- [TASK REQUIREMENTS]: In the material below, the required lines run from the one containing "using hsol_conserved[OF sol" through the one containing "text \<open>For \<open>a\<^sup>2". Copy those lines exactly, ends included, and nothing else.
[Opening EXTRACTED MATERIAL section]
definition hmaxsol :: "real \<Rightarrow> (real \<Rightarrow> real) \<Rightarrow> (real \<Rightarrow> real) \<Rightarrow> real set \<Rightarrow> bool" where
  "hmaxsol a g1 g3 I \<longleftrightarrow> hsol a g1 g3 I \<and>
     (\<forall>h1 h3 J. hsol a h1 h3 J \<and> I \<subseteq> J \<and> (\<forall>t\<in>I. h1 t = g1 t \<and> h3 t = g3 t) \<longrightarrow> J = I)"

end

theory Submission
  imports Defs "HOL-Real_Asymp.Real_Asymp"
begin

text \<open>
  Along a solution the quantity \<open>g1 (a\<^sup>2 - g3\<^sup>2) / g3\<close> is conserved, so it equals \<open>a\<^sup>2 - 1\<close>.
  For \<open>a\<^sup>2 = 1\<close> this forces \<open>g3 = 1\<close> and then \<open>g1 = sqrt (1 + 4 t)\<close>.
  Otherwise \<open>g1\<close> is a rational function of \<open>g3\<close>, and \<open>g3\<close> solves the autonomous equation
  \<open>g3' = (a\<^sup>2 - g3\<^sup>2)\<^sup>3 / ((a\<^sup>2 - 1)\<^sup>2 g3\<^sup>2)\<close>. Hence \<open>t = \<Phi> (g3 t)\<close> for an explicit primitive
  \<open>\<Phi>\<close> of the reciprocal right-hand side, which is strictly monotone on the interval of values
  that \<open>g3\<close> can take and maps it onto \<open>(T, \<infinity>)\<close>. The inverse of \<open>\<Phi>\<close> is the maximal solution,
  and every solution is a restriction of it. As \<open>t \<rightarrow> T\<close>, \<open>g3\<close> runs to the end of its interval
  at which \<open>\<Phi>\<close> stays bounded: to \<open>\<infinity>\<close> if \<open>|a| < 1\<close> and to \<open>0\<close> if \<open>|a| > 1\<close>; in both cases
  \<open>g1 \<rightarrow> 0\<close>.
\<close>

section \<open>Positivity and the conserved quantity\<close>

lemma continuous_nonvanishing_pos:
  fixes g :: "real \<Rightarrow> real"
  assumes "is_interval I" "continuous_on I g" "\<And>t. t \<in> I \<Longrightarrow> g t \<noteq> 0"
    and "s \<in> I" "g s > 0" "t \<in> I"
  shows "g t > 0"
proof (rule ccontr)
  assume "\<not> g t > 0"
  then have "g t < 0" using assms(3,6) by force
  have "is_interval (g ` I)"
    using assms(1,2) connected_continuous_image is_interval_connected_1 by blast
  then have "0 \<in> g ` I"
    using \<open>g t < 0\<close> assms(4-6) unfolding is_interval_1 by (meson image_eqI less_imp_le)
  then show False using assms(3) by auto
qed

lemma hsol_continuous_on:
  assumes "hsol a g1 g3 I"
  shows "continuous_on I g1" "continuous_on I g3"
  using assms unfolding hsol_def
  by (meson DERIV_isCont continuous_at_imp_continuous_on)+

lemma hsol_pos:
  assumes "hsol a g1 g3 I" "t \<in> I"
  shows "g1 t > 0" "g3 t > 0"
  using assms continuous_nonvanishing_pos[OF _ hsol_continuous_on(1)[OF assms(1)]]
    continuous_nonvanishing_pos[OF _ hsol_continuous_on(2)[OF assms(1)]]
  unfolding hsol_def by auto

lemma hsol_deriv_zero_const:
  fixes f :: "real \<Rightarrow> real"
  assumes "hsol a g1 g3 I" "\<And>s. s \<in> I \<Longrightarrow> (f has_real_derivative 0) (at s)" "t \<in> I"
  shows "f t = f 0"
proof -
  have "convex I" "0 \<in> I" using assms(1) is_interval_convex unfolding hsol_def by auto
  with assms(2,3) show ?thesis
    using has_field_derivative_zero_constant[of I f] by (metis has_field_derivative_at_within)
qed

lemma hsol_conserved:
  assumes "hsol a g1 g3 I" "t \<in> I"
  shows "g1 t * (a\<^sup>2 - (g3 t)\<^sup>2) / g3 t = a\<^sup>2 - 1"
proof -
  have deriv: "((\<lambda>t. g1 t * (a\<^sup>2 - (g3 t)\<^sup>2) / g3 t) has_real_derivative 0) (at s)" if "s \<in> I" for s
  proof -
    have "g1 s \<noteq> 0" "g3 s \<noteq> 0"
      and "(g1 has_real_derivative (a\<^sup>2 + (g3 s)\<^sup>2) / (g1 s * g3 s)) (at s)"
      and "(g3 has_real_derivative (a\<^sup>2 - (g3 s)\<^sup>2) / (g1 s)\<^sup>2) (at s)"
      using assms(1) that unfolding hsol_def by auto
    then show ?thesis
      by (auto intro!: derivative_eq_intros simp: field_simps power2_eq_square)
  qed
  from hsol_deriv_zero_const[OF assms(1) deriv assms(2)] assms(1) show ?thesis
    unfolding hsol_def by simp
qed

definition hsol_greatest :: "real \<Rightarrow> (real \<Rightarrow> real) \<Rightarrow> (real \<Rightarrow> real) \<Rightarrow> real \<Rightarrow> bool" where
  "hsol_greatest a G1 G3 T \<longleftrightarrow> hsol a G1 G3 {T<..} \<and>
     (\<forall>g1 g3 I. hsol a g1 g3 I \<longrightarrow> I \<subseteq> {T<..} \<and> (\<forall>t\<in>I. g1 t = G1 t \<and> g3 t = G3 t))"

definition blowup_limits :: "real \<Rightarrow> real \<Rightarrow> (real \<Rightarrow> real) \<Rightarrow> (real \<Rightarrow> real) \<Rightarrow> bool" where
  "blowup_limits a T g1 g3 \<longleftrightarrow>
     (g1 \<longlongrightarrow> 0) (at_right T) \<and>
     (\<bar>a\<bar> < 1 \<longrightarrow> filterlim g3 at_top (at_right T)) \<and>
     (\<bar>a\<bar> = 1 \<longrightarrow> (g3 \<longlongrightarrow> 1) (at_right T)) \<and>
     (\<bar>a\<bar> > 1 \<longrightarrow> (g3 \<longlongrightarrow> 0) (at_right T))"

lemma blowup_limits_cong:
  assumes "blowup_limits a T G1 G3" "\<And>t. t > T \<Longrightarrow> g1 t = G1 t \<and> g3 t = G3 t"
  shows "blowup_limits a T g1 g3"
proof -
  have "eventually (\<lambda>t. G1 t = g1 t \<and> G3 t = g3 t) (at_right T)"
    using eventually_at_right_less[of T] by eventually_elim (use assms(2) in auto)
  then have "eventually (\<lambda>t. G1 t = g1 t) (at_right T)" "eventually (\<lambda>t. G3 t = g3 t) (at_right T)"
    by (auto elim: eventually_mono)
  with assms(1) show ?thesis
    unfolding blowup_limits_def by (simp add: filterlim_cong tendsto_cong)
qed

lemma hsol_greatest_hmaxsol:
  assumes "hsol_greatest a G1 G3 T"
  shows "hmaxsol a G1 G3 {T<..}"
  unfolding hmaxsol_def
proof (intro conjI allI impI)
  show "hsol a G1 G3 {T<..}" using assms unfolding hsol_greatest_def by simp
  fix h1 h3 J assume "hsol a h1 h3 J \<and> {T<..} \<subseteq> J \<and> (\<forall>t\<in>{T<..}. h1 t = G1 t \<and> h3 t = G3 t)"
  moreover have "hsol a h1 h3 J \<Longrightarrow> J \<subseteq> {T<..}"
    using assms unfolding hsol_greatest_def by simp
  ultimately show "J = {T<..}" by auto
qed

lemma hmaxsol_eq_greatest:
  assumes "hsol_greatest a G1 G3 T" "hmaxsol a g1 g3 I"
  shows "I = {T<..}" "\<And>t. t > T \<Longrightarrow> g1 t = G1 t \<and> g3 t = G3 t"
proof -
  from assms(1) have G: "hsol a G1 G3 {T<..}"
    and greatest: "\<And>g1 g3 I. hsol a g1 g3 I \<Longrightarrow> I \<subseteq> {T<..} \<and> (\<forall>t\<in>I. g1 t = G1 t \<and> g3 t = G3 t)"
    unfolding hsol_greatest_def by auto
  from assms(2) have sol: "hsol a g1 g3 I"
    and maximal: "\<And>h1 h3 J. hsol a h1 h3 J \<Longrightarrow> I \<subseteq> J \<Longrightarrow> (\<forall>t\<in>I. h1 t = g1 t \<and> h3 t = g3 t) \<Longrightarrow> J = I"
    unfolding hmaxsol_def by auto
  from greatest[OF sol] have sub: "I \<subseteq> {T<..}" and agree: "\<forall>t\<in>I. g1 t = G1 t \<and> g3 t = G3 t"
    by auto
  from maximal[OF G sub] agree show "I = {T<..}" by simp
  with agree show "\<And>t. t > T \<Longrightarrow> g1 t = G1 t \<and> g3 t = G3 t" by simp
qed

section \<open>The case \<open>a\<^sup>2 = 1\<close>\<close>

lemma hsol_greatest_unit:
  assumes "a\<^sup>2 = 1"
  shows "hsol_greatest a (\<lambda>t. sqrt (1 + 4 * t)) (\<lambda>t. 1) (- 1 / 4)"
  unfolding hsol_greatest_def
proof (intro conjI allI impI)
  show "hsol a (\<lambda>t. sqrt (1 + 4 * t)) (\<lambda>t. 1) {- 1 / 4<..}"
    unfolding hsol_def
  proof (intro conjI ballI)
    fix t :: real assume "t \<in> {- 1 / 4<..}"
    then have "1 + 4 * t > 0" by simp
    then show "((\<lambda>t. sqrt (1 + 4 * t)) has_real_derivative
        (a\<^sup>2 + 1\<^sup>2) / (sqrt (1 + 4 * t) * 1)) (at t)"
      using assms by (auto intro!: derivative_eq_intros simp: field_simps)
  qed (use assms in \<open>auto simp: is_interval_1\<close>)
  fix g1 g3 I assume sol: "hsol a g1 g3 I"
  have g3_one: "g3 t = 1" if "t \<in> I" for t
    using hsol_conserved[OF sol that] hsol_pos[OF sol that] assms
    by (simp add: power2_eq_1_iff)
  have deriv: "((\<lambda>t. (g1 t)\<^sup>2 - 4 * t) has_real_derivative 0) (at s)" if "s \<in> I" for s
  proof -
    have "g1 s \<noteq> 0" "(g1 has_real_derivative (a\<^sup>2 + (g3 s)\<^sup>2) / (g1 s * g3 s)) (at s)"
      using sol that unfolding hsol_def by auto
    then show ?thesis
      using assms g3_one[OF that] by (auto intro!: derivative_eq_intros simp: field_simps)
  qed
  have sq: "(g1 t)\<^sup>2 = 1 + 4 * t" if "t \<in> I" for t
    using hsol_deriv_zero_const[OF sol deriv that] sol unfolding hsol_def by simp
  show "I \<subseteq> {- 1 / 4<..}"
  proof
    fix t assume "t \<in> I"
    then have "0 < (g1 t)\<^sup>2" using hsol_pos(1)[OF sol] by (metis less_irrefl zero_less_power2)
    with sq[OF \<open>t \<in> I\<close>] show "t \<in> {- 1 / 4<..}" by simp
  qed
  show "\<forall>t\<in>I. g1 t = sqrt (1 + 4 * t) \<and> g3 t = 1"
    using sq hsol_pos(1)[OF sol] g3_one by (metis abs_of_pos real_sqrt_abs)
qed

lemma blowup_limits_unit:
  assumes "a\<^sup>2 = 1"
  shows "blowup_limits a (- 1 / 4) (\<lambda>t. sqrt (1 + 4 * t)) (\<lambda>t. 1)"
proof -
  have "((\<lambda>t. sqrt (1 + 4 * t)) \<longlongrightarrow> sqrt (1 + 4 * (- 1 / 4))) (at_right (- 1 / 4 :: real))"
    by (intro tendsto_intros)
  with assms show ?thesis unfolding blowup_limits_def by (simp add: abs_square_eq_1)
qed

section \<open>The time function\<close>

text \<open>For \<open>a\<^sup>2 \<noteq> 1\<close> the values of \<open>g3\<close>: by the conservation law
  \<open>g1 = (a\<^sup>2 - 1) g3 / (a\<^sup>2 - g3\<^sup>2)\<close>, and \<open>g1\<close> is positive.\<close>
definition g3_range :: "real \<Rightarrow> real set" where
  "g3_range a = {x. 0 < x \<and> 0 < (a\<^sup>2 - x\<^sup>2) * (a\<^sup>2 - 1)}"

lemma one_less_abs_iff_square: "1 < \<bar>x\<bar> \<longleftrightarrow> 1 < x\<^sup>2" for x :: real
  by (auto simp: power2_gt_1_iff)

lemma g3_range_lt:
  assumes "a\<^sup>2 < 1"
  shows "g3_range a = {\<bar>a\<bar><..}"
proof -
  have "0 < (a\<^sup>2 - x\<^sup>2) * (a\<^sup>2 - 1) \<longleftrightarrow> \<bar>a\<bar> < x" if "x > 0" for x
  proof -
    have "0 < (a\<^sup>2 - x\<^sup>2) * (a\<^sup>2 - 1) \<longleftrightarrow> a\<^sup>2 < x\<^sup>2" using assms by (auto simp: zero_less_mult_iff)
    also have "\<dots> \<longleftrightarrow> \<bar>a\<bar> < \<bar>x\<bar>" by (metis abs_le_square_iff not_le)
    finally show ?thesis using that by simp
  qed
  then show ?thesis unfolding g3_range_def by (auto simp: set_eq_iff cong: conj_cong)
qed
[Closing EXTRACTED MATERIAL section]
- [SOLUTION]:
    using hsol_conserved[OF sol that] hsol_pos[OF sol that] assms
    by (simp add: power2_eq_1_iff)
  have deriv: "((\<lambda>t. (g1 t)\<^sup>2 - 4 * t) has_real_derivative 0) (at s)" if "s \<in> I" for s
  proof -
    have "g1 s \<noteq> 0" "(g1 has_real_derivative (a\<^sup>2 + (g3 s)\<^sup>2) / (g1 s * g3 s)) (at s)"
      using sol that unfolding hsol_def by auto
    then show ?thesis
      using assms g3_one[OF that] by (auto intro!: derivative_eq_intros simp: field_simps)
  qed
  have sq: "(g1 t)\<^sup>2 = 1 + 4 * t" if "t \<in> I" for t
    using hsol_deriv_zero_const[OF sol deriv that] sol unfolding hsol_def by simp
  show "I \<subseteq> {- 1 / 4<..}"
  proof
    fix t assume "t \<in> I"
    then have "0 < (g1 t)\<^sup>2" using hsol_pos(1)[OF sol] by (metis less_irrefl zero_less_power2)
    with sq[OF \<open>t \<in> I\<close>] show "t \<in> {- 1 / 4<..}" by simp
  qed
  show "\<forall>t\<in>I. g1 t = sqrt (1 + 4 * t) \<and> g3 t = 1"
    using sq hsol_pos(1)[OF sol] g3_one by (metis abs_of_pos real_sqrt_abs)
qed

lemma blowup_limits_unit:
  assumes "a\<^sup>2 = 1"
  shows "blowup_limits a (- 1 / 4) (\<lambda>t. sqrt (1 + 4 * t)) (\<lambda>t. 1)"
proof -
  have "((\<lambda>t. sqrt (1 + 4 * t)) \<longlongrightarrow> sqrt (1 + 4 * (- 1 / 4))) (at_right (- 1 / 4 :: real))"
    by (intro tendsto_intros)
  with assms show ?thesis unfolding blowup_limits_def by (simp add: abs_square_eq_1)
qed

section \<open>The time function\<close>

text \<open>For \<open>a\<^sup>2 \<noteq> 1\<close> the values of \<open>g3\<close>: by the conservation law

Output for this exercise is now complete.